##### EXERCISE DATA #####
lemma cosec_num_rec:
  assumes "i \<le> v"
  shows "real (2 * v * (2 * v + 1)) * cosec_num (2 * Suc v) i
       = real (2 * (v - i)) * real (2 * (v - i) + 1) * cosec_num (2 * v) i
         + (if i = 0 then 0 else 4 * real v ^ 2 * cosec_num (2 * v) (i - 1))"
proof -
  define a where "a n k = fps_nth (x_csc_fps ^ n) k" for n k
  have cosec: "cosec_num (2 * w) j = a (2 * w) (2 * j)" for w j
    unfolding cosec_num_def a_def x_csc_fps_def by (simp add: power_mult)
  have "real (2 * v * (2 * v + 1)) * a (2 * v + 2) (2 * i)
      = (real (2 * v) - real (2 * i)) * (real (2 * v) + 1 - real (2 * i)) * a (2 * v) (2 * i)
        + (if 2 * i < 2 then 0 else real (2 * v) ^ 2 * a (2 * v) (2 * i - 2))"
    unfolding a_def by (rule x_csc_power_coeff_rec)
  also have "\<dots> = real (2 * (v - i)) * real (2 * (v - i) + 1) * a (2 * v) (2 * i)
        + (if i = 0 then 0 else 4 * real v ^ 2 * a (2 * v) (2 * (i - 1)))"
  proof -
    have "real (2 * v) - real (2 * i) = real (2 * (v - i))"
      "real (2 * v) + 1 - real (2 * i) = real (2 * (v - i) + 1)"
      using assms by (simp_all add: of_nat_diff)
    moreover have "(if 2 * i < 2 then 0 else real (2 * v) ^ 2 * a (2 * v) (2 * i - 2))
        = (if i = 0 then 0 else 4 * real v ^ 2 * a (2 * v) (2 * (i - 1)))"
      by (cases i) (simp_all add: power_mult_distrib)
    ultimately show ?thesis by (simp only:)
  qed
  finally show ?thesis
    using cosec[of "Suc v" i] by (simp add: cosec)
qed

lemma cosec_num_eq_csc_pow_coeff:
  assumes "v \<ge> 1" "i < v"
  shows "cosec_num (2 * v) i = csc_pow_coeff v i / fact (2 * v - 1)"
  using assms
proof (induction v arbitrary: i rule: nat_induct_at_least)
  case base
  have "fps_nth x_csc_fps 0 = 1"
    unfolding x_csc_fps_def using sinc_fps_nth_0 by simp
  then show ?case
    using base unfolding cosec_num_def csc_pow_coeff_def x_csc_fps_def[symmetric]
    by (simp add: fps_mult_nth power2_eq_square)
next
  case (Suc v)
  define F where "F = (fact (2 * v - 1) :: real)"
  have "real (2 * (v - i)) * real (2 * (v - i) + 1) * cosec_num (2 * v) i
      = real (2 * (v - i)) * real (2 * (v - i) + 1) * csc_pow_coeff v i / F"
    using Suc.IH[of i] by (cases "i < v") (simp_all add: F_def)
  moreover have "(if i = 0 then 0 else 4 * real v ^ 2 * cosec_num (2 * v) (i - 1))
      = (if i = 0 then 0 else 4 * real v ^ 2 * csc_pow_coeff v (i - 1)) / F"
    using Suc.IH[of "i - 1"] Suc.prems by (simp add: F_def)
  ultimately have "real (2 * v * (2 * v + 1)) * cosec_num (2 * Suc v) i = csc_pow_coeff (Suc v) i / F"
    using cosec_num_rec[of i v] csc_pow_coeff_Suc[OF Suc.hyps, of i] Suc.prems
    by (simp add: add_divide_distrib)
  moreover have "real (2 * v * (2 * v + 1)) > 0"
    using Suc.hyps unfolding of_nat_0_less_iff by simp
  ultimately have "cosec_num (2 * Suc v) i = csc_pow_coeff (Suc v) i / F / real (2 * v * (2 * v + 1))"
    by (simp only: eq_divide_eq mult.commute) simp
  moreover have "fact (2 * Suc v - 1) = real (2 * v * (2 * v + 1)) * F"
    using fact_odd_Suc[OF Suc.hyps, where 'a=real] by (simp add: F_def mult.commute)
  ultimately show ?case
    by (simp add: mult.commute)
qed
#####
- ASSIGNMENT
Look above for the line holding "finally show ?thesis", then set down exactly that line and every line after it up to and including the line holding "using Suc.IH[of i]", with nothing else.

- REPLY TO THE TASK
  finally show ?thesis
    using cosec[of "Suc v" i] by (simp add: cosec)
qed

lemma cosec_num_eq_csc_pow_coeff:
  assumes "v \<ge> 1" "i < v"
  shows "cosec_num (2 * v) i = csc_pow_coeff v i / fact (2 * v - 1)"
  using assms
proof (induction v arbitrary: i rule: nat_induct_at_least)
  case base
  have "fps_nth x_csc_fps 0 = 1"
    unfolding x_csc_fps_def using sinc_fps_nth_0 by simp
  then show ?case
    using base unfolding cosec_num_def csc_pow_coeff_def x_csc_fps_def[symmetric]
    by (simp add: fps_mult_nth power2_eq_square)
next
  case (Suc v)
  define F where "F = (fact (2 * v - 1) :: real)"
  have "real (2 * (v - i)) * real (2 * (v - i) + 1) * cosec_num (2 * v) i
      = real (2 * (v - i)) * real (2 * (v - i) + 1) * csc_pow_coeff v i / F"
    using Suc.IH[of i] by (cases "i < v") (simp_all add: F_def)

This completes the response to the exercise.